There's something about waiting for a bus when you're really set against walking to your destination, especially when the app says your bus is due in three minutes. "Wow!" you think. "What great timing!" And then five minutes pass and you recheck the app and the timeline has moved back another four minutes, and you still think that's pretty reasonable. What's four minutes? You bust out your container of nuts and raisins because that's all you'll have time for before your ride arrives. But it isn't there yet.
You check the app. Another five minutes? Suddenly it ain't small potatoes anymore.
At this point you wonder if it's worth waiting. Because in the twelve minutes you've waited plus the five more in your near future, you could have walked there already.

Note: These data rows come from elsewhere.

lemma nonneg_zero_unique_if_third_derivative_pos:
  fixes g :: "real \<Rightarrow> real"
  assumes d1: "\<forall>p\<in>{l..u}. (g has_real_derivative g1 p) (at p within {l..u})"
    and d2: "\<forall>p\<in>{l..u}. (g1 has_real_derivative g2 p) (at p within {l..u})"
    and d3: "\<forall>p\<in>{l..u}. (g2 has_real_derivative g3 p) (at p within {l..u})"
    and g3_pos: "\<forall>p\<in>{l..u}. g3 p > 0"
    and g_nonneg: "\<forall>p\<in>{l..u}. g p \<ge> 0" and "g l = 0"
    and zeros: "g p = 0" "g q = 0" "p \<in> {l<..u}" "q \<in> {l<..u}"
  shows "p = q"
proof -
  \<comment> \<open>Two such zeros p < q force g1 to vanish at three points (the interior minimum p and
    one Rolle point on each side), hence g3 to vanish somewhere.\<close>
  have False if pq: "l < p" "p < q" "q \<le> u" "g p = 0" "g q = 0" for p q
  proof -
    have der: "(g has_real_derivative g1 p) (at p)"
      using d1 pq by (metis at_within_Icc_at atLeastAtMost_iff less_le_trans less_imp_le)
    have min: "\<forall>y. \<bar>p - y\<bar> < min (p - l) (u - p) \<longrightarrow> g p \<le> g y"
      using g_nonneg \<open>g p = 0\<close> by (auto simp: abs_less_iff)
    have "g1 p = 0"
      using DERIV_local_min[OF der _ min] pq by simp
    obtain a where a: "l < a" "a < p" "g1 a = 0"
      using Rolle_within_Icc[OF d1, of l p] pq \<open>g l = 0\<close> by auto
    obtain b where b: "p < b" "b < q" "g1 b = 0"
      using Rolle_within_Icc[OF d1, of p q] pq by auto
    obtain c where c: "a < c" "c < p" "g2 c = 0"
      using Rolle_within_Icc[OF d2, of a p] a \<open>g1 p = 0\<close> pq by auto
    obtain d where d: "p < d" "d < b" "g2 d = 0"
      using Rolle_within_Icc[OF d2, of p b] b \<open>g1 p = 0\<close> pq by auto
    obtain e where "c < e" "e < d" "g3 e = 0"
      using Rolle_within_Icc[OF d3, of c d] a b c d pq by auto
    moreover have "e \<in> {l..u}"
      using calculation a b c d pq by auto
    ultimately show False
      using g3_pos by force
  qed
  with zeros show "p = q"
    by (metis greaterThanAtMost_iff linorder_neqE_linordered_idom)
qed

lemma difference_quotient_gt_nearby:
  fixes f :: "real \<Rightarrow> real"
  assumes "(f has_real_derivative D) (at a within S)" "c < D"
  obtains d where "d > 0" "\<And>y. y \<in> S \<Longrightarrow> y \<noteq> a \<Longrightarrow> dist y a < d \<Longrightarrow> c < (f y - f a) / (y - a)"
proof -
  have "((\<lambda>y. (f y - f a) / (y - a)) \<longlongrightarrow> D) (at a within S)"
    using assms(1) has_field_derivative_iff by blast
  then have "\<forall>\<^sub>F y in at a within S. c < (f y - f a) / (y - a)"
    using order_tendstoD(1) assms(2) by blast
  then show thesis
    using that unfolding eventually_at by blast
qed

lemma prob_weightE:
  assumes "prob_weight w"
  obtains w1 w2 w3 where
    "\<forall>p\<in>{0..1}. (w has_real_derivative w1 p) (at p within {0..1})"
    "\<forall>p\<in>{0..1}. (w1 has_real_derivative w2 p) (at p within {0..1})"
    "\<forall>p\<in>{0..1}. (w2 has_real_derivative w3 p) (at p within {0..1})"
    "\<forall>p\<in>{0..1}. w3 p > 0" "w1 0 > 1" "w1 1 > 1"
  using assms unfolding prob_weight_def by blast

lemma prob_weight_continuous:
  assumes "prob_weight w"
  shows "continuous_on {0..1} w"
  using assms by (elim prob_weightE) (auto intro: DERIV_continuous_on)
(* squared chordal distance d_c^2 = d - trace(P_i P_j) (real-valued; an element of F) *)
definition chordal_sq :: "nat \<Rightarrow> nat \<Rightarrow> 'a :: conjugatable_field vec set \<Rightarrow> 'a vec set \<Rightarrow> 'a" where
  "chordal_sq k d V U = of_nat d - mat_trace (proj_mat k d V * proj_mat k d U)"

(* sum_{i=1}^n P_i = A I_k for some A > 0 (for F = complex, 0 < A means A is a positive real) *)
definition tight_fusion_frame :: "nat \<Rightarrow> nat \<Rightarrow> nat \<Rightarrow> (nat \<Rightarrow> 'a :: conjugatable_ordered_field vec set) \<Rightarrow> bool" where
  "tight_fusion_frame k d n W \<longleftrightarrow>
     (\<exists>A. 0 < A \<and> mat k k (\<lambda>(a,b). \<Sum>i\<in>{1..n}. proj_mat k d (W i) $$ (a,b)) = A \<cdot>\<^sub>m 1\<^sub>m k)"

definition equichordal :: "nat \<Rightarrow> nat \<Rightarrow> nat \<Rightarrow> (nat \<Rightarrow> 'a :: conjugatable_field vec set) \<Rightarrow> bool" where
  "equichordal k d n W \<longleftrightarrow>
     (\<exists>c. \<forall>i\<in>{1..n}. \<forall>j\<in>{1..n}. i \<noteq> j \<longrightarrow> mat_trace (cross_mat k d (W i) (W j)) = c)"

definition same_eigenvalues :: "'a :: field mat \<Rightarrow> 'a mat \<Rightarrow> bool" where
  "same_eigenvalues A B \<longleftrightarrow> (\<forall>e. Polynomial.order e (char_poly A) = Polynomial.order e (char_poly B))"

definition strongly_simplicial :: "nat \<Rightarrow> nat \<Rightarrow> nat \<Rightarrow> (nat \<Rightarrow> 'a :: conjugatable_field vec set) \<Rightarrow> bool" where
  "strongly_simplicial k d n W \<longleftrightarrow>
     (\<forall>i\<in>{1..n}. \<forall>j\<in>{1..n}. \<forall>i'\<in>{1..n}. \<forall>j'\<in>{1..n}. i \<noteq> j \<longrightarrow> i' \<noteq> j' \<longrightarrow>
        same_eigenvalues (cross_mat k d (W i) (W j)) (cross_mat k d (W i') (W j')))"

(* Z = Z(F,k) is passed explicitly: k^2 for complex, k(k+1)/2 for real.
   min_{i<>j} d_c^2 = d(k-d)/k is stated as: attained by some pair and a lower bound for all pairs. *)
definition orthoplectic_packing :: "nat \<Rightarrow> nat \<Rightarrow> nat \<Rightarrow> nat \<Rightarrow> (nat \<Rightarrow> 'a :: conjugatable_ordered_field vec set) \<Rightarrow> bool" where
  "orthoplectic_packing Z k d n W \<longleftrightarrow> Z < n \<and> n \<le> 2 * (Z - 1) \<and>
     (let c = (of_nat (d * (k - d)) / of_nat k :: 'a) in
       (\<forall>i\<in>{1..n}. \<forall>j\<in>{1..n}. i \<noteq> j \<longrightarrow> c \<le> chordal_sq k d (W i) (W j)) \<and>
       (\<exists>i\<in>{1..n}. \<exists>j\<in>{1..n}. i \<noteq> j \<and> chordal_sq k d (W i) (W j) = c))"

definition complement_duality :: "nat \<Rightarrow> nat \<Rightarrow> nat \<Rightarrow> nat \<Rightarrow> (nat \<Rightarrow> 'a :: conjugatable_ordered_field vec set) \<Rightarrow> bool" where
  "complement_duality Z k m n W \<longleftrightarrow>
     (let W' = (\<lambda>i. perp k (W i)) in
      (\<forall>i\<in>{1..n}. subspace_dim k (k - m) (W' i)) \<and>
      (tight_fusion_frame k m n W \<longleftrightarrow> tight_fusion_frame k (k - m) n W') \<and>
      (tight_fusion_frame k m n W \<and> equichordal k m n W \<longleftrightarrow>
         tight_fusion_frame k (k - m) n W' \<and> equichordal k (k - m) n W') \<and>
      (tight_fusion_frame k m n W \<and> strongly_simplicial k m n W \<longleftrightarrow>
         tight_fusion_frame k (k - m) n W' \<and> strongly_simplicial k (k - m) n W') \<and>
      (orthoplectic_packing Z k m n W \<longleftrightarrow> orthoplectic_packing Z k (k - m) n W'))"

end

theory Submission
  imports Defs
begin
lemma card_subsets_by_complement:
  assumes "finite V" "k \<le> card V"
  shows "card {U. U \<subseteq> V \<and> P (V - U) \<and> card U = k} =
    card {C. C \<subseteq> V \<and> P C \<and> card C = card V - k}"
proof -
  let ?A = "{U. U \<subseteq> V \<and> P (V - U) \<and> card U = k}"
    and ?B = "{C. C \<subseteq> V \<and> P C \<and> card C = card V - k}"
  have card_diff: "card (V - A) = card V - card A" if "A \<subseteq> V" for A
    using that assms(1) by (simp add: card_Diff_subset finite_subset)
  have "bij_betw (\<lambda>U. V - U) ?A ?B"
  proof (rule bij_betw_byWitness[where f' = "\<lambda>C. V - C"])
    show "\<forall>U\<in>?A. V - (V - U) = U" "\<forall>C\<in>?B. V - (V - C) = C"
      by auto
    show "(\<lambda>U. V - U) ` ?A \<subseteq> ?B"
      using card_diff by auto
    show "(\<lambda>C. V - C) ` ?B \<subseteq> ?A"
      using card_diff assms(2) by (auto simp: double_diff)
  qed
  then show ?thesis
    by (rule bij_betw_same_card)
qed

text \<open>A partial transversal with image \<open>S\<close> is the image of a choice function picking one
  element from the fibre over each \<open>i \<in> S\<close>.\<close>
lemma card_partial_transversals_with_image:
  assumes "finite V" "S \<subseteq> f ` V"
  shows "card {C. C \<subseteq> V \<and> inj_on f C \<and> f ` C = S} = (\<Prod>i\<in>S. card {x\<in>V. f x = i})"
proof -
  let ?F = "\<lambda>i. {x\<in>V. f x = i}"
  have fibre: "g i \<in> V" "f (g i) = i" if "g \<in> (\<Pi>\<^sub>E i\<in>S. ?F i)" "i \<in> S" for g i
    using PiE_mem[OF that] by auto
  have inj: "inj_on (\<lambda>g. g ` S) (\<Pi>\<^sub>E i\<in>S. ?F i)"
  proof (rule inj_onI)
    fix g g' assume g: "g \<in> (\<Pi>\<^sub>E i\<in>S. ?F i)" and g': "g' \<in> (\<Pi>\<^sub>E i\<in>S. ?F i)"
      and eq: "g ` S = g' ` S"
    show "g = g'"
    proof (rule PiE_ext[OF g g'])
      fix i assume i: "i \<in> S"
      then have "g i \<in> g' ` S"
        using eq by blast
      then obtain j where j: "j \<in> S" "g i = g' j"
        by blast
      then have "i = j"
        using fibre[OF g i] fibre[OF g' j(1)] by simp
      then show "g i = g' i"
        using j by simp
    qed
  qed
  have image: "(\<lambda>g. g ` S) ` (\<Pi>\<^sub>E i\<in>S. ?F i) = {C. C \<subseteq> V \<and> inj_on f C \<and> f ` C = S}"
  proof (intro equalityI subsetI)
    fix C assume "C \<in> (\<lambda>g. g ` S) ` (\<Pi>\<^sub>E i\<in>S. ?F i)"
    then obtain g where g: "g \<in> (\<Pi>\<^sub>E i\<in>S. ?F i)" and C: "C = g ` S"
      by blast
    have "C \<subseteq> V"
      using fibre[OF g] C by blast
    moreover have "inj_on f C"
      unfolding C by (rule inj_onI) (auto simp: fibre[OF g])
    moreover have "f ` C = S"
      unfolding C image_image by (simp add: fibre[OF g] cong: image_cong)
    ultimately show "C \<in> {C. C \<subseteq> V \<and> inj_on f C \<and> f ` C = S}"
      by blast
  next
    fix C assume "C \<in> {C. C \<subseteq> V \<and> inj_on f C \<and> f ` C = S}"
    then have C: "C \<subseteq> V" "inj_on f C" "f ` C = S"
      by auto
    let ?g = "restrict (inv_into C f) S"
    have "?g \<in> (\<Pi>\<^sub>E i\<in>S. ?F i)"
      using C by (auto intro: inv_into_into f_inv_into_f)
    moreover have "?g ` S = C"
      using C inv_into_image_cancel[of f C C] by simp
    ultimately show "C \<in> (\<lambda>g. g ` S) ` (\<Pi>\<^sub>E i\<in>S. ?F i)"
      by blast
  qed
  have "finite S"
    using assms finite_surj by blast
  then show ?thesis
    using card_image[OF inj] card_PiE[of S ?F] image by simp
qed

lemma card_partial_transversals:
  assumes "finite V"
  shows "card {C. C \<subseteq> V \<and> inj_on f C \<and> card C = j} =
    (\<Sum>S | S \<subseteq> f ` V \<and> card S = j. \<Prod>i\<in>S. card {x\<in>V. f x = i})"
proof -
  let ?T = "\<lambda>S. {C. C \<subseteq> V \<and> inj_on f C \<and> f ` C = S}"
  have "{C. C \<subseteq> V \<and> inj_on f C \<and> card C = j} = (\<Union>S\<in>{S. S \<subseteq> f ` V \<and> card S = j}. ?T S)"
    by (auto simp: card_image image_mono)
  moreover have "card (\<Union>S\<in>{S. S \<subseteq> f ` V \<and> card S = j}. ?T S) =
      (\<Sum>S | S \<subseteq> f ` V \<and> card S = j. card (?T S))"
  proof (rule card_UN_disjoint)
    show "finite {S. S \<subseteq> f ` V \<and> card S = j}"
      using assms by simp
    show "\<forall>S\<in>{S. S \<subseteq> f ` V \<and> card S = j}. finite (?T S)"
      using assms by (auto intro: finite_subset[of _ "Pow V"])
    show "\<forall>S\<in>{S. S \<subseteq> f ` V \<and> card S = j}. \<forall>S'\<in>{S. S \<subseteq> f ` V \<and> card S = j}.
        S \<noteq> S' \<longrightarrow> ?T S \<inter> ?T S' = {}"
      by blast
  qed
  ultimately show ?thesis
    using assms by (simp add: card_partial_transversals_with_image)
qed
lemma sum_prod_subsets_of_three:
  fixes a :: "nat \<Rightarrow> 'a::comm_semiring_1"
  shows "(\<Sum>S | S \<subseteq> {0, 1, 2} \<and> card S = 0. \<Prod>i\<in>S. a i) = 1"
    and "(\<Sum>S | S \<subseteq> {0, 1, 2} \<and> card S = 1. \<Prod>i\<in>S. a i) = a 0 + a 1 + a 2"
    and "(\<Sum>S | S \<subseteq> {0, 1, 2} \<and> card S = 2. \<Prod>i\<in>S. a i) = a 0 * a 1 + a 0 * a 2 + a 1 * a 2"
    and "(\<Sum>S | S \<subseteq> {0, 1, 2} \<and> card S = 3. \<Prod>i\<in>S. a i) = a 0 * a 1 * a 2"
proof -
  have fin: "finite S" if "S \<subseteq> {0, 1, 2::nat}" for S
    using that by (rule finite_subset) simp
  have "{S. S \<subseteq> {0, 1, 2::nat} \<and> card S = 0} = {{}}"
    using fin by auto
  then show "(\<Sum>S | S \<subseteq> {0, 1, 2} \<and> card S = 0. \<Prod>i\<in>S. a i) = 1"
    by simp
  have "{S. S \<subseteq> {0, 1, 2::nat} \<and> card S = 1} = {{0}, {1}, {2}}"
    by (auto simp: card_1_singleton_iff)
  then show "(\<Sum>S | S \<subseteq> {0, 1, 2} \<and> card S = 1. \<Prod>i\<in>S. a i) = a 0 + a 1 + a 2"
    by (simp add: add.assoc)
  have "{S. S \<subseteq> {0, 1, 2::nat} \<and> card S = 2} = {{0, 1}, {0, 2}, {1, 2}}"
    by (auto simp: card_2_iff doubleton_eq_iff; presburger)
  then show "(\<Sum>S | S \<subseteq> {0, 1, 2} \<and> card S = 2. \<Prod>i\<in>S. a i) = a 0 * a 1 + a 0 * a 2 + a 1 * a 2"
    by (simp add: doubleton_eq_iff add.assoc)
  have "S = {0, 1, 2}" if "S \<subseteq> {0, 1, 2::nat}" "card S = 3" for S
    using card_subset_eq[OF _ that(1)] that(2) by simp
  then have "{S. S \<subseteq> {0, 1, 2::nat} \<and> card S = 3} = {{0, 1, 2}}"
    by auto
  then show "(\<Sum>S | S \<subseteq> {0, 1, 2} \<and> card S = 3. \<Prod>i\<in>S. a i) = a 0 * a 1 * a 2"
    by (simp add: mult.assoc)
qed

lemma twin_class_image:
  assumes "3 \<le> n"
  shows "twin_class n ` gcarrier n = {0, 1, 2}"
proof
  show "twin_class n ` gcarrier n \<subseteq> {0, 1, 2}"
    by (auto simp: twin_class_def)
  have "twin_class n 0 = 0" "twin_class n 1 = 1" "twin_class n (gm n) = 2"
    using gm_ge_4[OF assms] by (simp_all add: twin_class_def)
  moreover have "0 \<in> gcarrier n" "1 \<in> gcarrier n" "gm n \<in> gcarrier n"
    using assms gm_ge_4[OF assms] gcarrier_eq[of n] by auto
  ultimately show "{0, 1, 2} \<subseteq> twin_class n ` gcarrier n"
    by (metis empty_subsetI image_eqI insert_subset)
qed

lemma twin_class_sizes:
  assumes "3 \<le> n"
  shows "card {x \<in> gcarrier n. twin_class n x = 0} = 1"
    and "card {x \<in> gcarrier n. twin_class n x = 1} = gm n - 1"
    and "card {x \<in> gcarrier n. twin_class n x = 2} = gm n"
proof -
  have V: "gcarrier n = {0..<2 * gm n}"
    using assms gcarrier_eq by simp
  have "{x \<in> gcarrier n. twin_class n x = 0} = {0}"
    "{x \<in> gcarrier n. twin_class n x = 1} = {1..<gm n}"
    "{x \<in> gcarrier n. twin_class n x = 2} = {gm n..<2 * gm n}"
    using gm_pos[of n] by (auto simp: V twin_class_def)
  then show "card {x \<in> gcarrier n. twin_class n x = 0} = 1"
    "card {x \<in> gcarrier n. twin_class n x = 1} = gm n - 1"
    "card {x \<in> gcarrier n. twin_class n x = 2} = gm n"
    by simp_all
qed

lemma card_twin_transversals:
  assumes "3 \<le> n"
  shows "card {C. C \<subseteq> gcarrier n \<and> inj_on (twin_class n) C \<and> card C = 0} = 1"
    and "card {C. C \<subseteq> gcarrier n \<and> inj_on (twin_class n) C \<and> card C = 1} = 2 * gm n"
    and "card {C. C \<subseteq> gcarrier n \<and> inj_on (twin_class n) C \<and> card C = 2} = gm n * gm n + gm n - 1"
    and "card {C. C \<subseteq> gcarrier n \<and> inj_on (twin_class n) C \<and> card C = 3} = gm n * gm n - gm n"
proof -
  let ?c = "\<lambda>i. card {x \<in> gcarrier n. twin_class n x = i}"
  have count: "card {C. C \<subseteq> gcarrier n \<and> inj_on (twin_class n) C \<and> card C = j} =
      (\<Sum>S | S \<subseteq> {0, 1, 2} \<and> card S = j. \<Prod>i\<in>S. ?c i)" for j
    using card_partial_transversals[of "gcarrier n" "twin_class n" j] twin_class_image[OF assms]
    by (simp add: gcarrier_def)
  obtain k where k: "gm n = Suc k"
    using gm_pos[of n] gr0_conv_Suc by blast
  show "card {C. C \<subseteq> gcarrier n \<and> inj_on (twin_class n) C \<and> card C = 0} = 1"
    "card {C. C \<subseteq> gcarrier n \<and> inj_on (twin_class n) C \<and> card C = 1} = 2 * gm n"
    "card {C. C \<subseteq> gcarrier n \<and> inj_on (twin_class n) C \<and> card C = 2} = gm n * gm n + gm n - 1"
    "card {C. C \<subseteq> gcarrier n \<and> inj_on (twin_class n) C \<and> card C = 3} = gm n * gm n - gm n"
    unfolding count sum_prod_subsets_of_three twin_class_sizes[OF assms] k by simp_all
qed

lemma card_twin_transversal_le_3:
  assumes "inj_on (twin_class n) C"
  shows "card C \<le> 3"
proof -
  have "twin_class n ` C \<subseteq> {0, 1, 2}"
    by (auto simp: twin_class_def)
  then have "card C \<le> card {0, 1, 2::nat}"
    by (rule card_inj_on_le[OF assms]) simp
  then show ?thesis
    by simp
qed

lemma num_resolving_power_graph:
  assumes "3 \<le> n" "j \<le> 2 * gm n"
  shows "num_resolving (gcarrier n) (power_adj n) (2 * gm n - j) =
    card {C. C \<subseteq> gcarrier n \<and> inj_on (twin_class n) C \<and> card C = j}"
proof -
  have V: "finite (gcarrier n)" "card (gcarrier n) = 2 * gm n"
    using assms gcarrier_eq[of n] by auto
  have "{U. resolving (gcarrier n) (power_adj n) U \<and> card U = 2 * gm n - j} =
      {U. U \<subseteq> gcarrier n \<and> inj_on (twin_class n) (gcarrier n - U) \<and> card U = 2 * gm n - j}"
    using resolving_power_graph_iff[OF assms(1)] by auto
  then show ?thesis
    using card_subsets_by_complement[of "gcarrier n" "2 * gm n - j" "inj_on (twin_class n)"] V assms(2)
    by (simp add: num_resolving_def)
qed

lemma metric_dim_power_graph:
  assumes "3 \<le> n"
  shows "metric_dim (gcarrier n) (power_adj n) = 2 * gm n - 3"
  unfolding metric_dim_def
proof (rule Least_equality)
  have "num_resolving (gcarrier n) (power_adj n) (2 * gm n - 3) = gm n * gm n - gm n"
    using num_resolving_power_graph[OF assms, of 3] card_twin_transversals(4)[OF assms]
      gm_ge_4[OF assms] by simp
  moreover have "gm n < gm n * gm n"
    using gm_ge_4[OF assms] by simp
  ultimately have "{U. resolving (gcarrier n) (power_adj n) U \<and> card U = 2 * gm n - 3} \<noteq> {}"
    unfolding num_resolving_def by (metis card.empty zero_less_diff less_irrefl)
  then show "\<exists>U. resolving (gcarrier n) (power_adj n) U \<and> card U = 2 * gm n - 3"
    by blast
next
  fix k assume "\<exists>U. resolving (gcarrier n) (power_adj n) U \<and> card U = k"
  then obtain U where U: "resolving (gcarrier n) (power_adj n) U" "card U = k"
    by blast
  then have sub: "U \<subseteq> gcarrier n" and inj: "inj_on (twin_class n) (gcarrier n - U)"
    using resolving_power_graph_iff[OF assms] by auto
  have "card (gcarrier n - U) = 2 * gm n - k"
    using sub U(2) assms gcarrier_eq[of n] by (simp add: card_Diff_subset finite_subset)
  then show "2 * gm n - 3 \<le> k"
    using card_twin_transversal_le_3[OF inj] by simp
qed

lemma resolving_poly_power_graph:
  assumes "3 \<le> n"
  shows "resolving_poly (gcarrier n) (power_adj n) =
      monom 1 (2 * gm n)
    + monom (2 * int (gm n)) (2 * gm n - 1)
    + monom (int (gm n) ^ 2 + int (gm n) - 1) (2 * gm n - 2)
    + monom (int (gm n) ^ 2 - int (gm n)) (2 * gm n - 3)"
proof -
  define m where "m = gm n"
  let ?r = "num_resolving (gcarrier n) (power_adj n)"
  have m: "4 \<le> m"
    using gm_ge_4[OF assms] by (simp add: m_def)
  have card_V: "card (gcarrier n) = 2 * m"
    using assms gcarrier_eq[of n] by (simp add: m_def)
  have r: "?r (2 * m) = 1" "?r (2 * m - 1) = 2 * m"
    "?r (2 * m - 2) = m * m + m - 1" "?r (2 * m - 3) = m * m - m"
    using num_resolving_power_graph[OF assms, of 0] num_resolving_power_graph[OF assms, of 1]
      num_resolving_power_graph[OF assms, of 2] num_resolving_power_graph[OF assms, of 3]
      card_twin_transversals[OF assms] m
    by (simp_all add: m_def)
  have int_r: "int (m * m + m - 1) = int m ^ 2 + int m - 1" "int (m * m - m) = int m ^ 2 - int m"
    using m by (simp_all add: of_nat_diff power2_eq_square)
  have degrees: "{2 * m - 3..2 * m} = {2 * m - 3, 2 * m - 2, 2 * m - 1, 2 * m}"
    using m by auto
  have "resolving_poly (gcarrier n) (power_adj n) =
      (\<Sum>k\<in>{2 * m - 3, 2 * m - 2, 2 * m - 1, 2 * m}. monom (int (?r k)) k)"
    unfolding resolving_poly_def metric_dim_power_graph[OF assms, folded m_def] card_V degrees ..
  also have "\<dots> = monom (int (?r (2 * m - 3))) (2 * m - 3) + (monom (int (?r (2 * m - 2))) (2 * m - 2)
      + (monom (int (?r (2 * m - 1))) (2 * m - 1) + monom (int (?r (2 * m))) (2 * m)))"
    using m by (simp add: sum.insert_if) arith
  finally show ?thesis
    unfolding r int_r by (simp add: m_def algebra_simps)
qed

But you also realize that as soon as you get far enough away from the bus stop that you can't just turn back, the bus will pull up to the curb and pass you by. Ugh!
But how we'll wait for things-- we'll kill the time-- when we're too tired to realize or care we're getting a shitty deal. I mean, I know that bus is always late when I get there on time, and it's always early when I'm en route. I know the app is lying to me when it says three minutes, and yet I think, "This time will be different. This time it really will be three minutes." And it never is!
So as I walked home tonight, after I Biki biked home, after I stood up in the theatre for over eight hours, I still wasn't cursing POTUS for making all the buses late. I thought, "Well, at least I can walk over the freeway to get home." What I really should have been thinking about, though, is what I to write about today. And I did. I thought about time as a relative thing. Because if you told me I'd have to wait nearly twenty minutes for the bus to come, I might have just started walking home right then and there, cursing my good fortune. If you'd told me that even after I'd gotten home, the bus STILL hadn't come, I'd feel relief.
And for Joe Bob and Sally, time means very little until they want something. How they each move through time is very different, though both probably feel its passing as slow and arduous if not sometimes as something to ignore and endure. It seems like a ridiculous thing to juggle all these things, these factors that may never come up in the story but affect it nonetheless. I will likely spend very little time talking about time itself, but it's turning out to be one of the things I think about a lot. How would you experience time if you had an abundance of it. Like, really. What if you had lifetimes?
Anyway, I'm tired and sore and exhausted, but I'm pleased I walked home, and not just because I'd probably still be at the bus stop if I had waited. I imagined I worked off at least part of all those donut holes I shoved in my face on Thursday. What an oinker.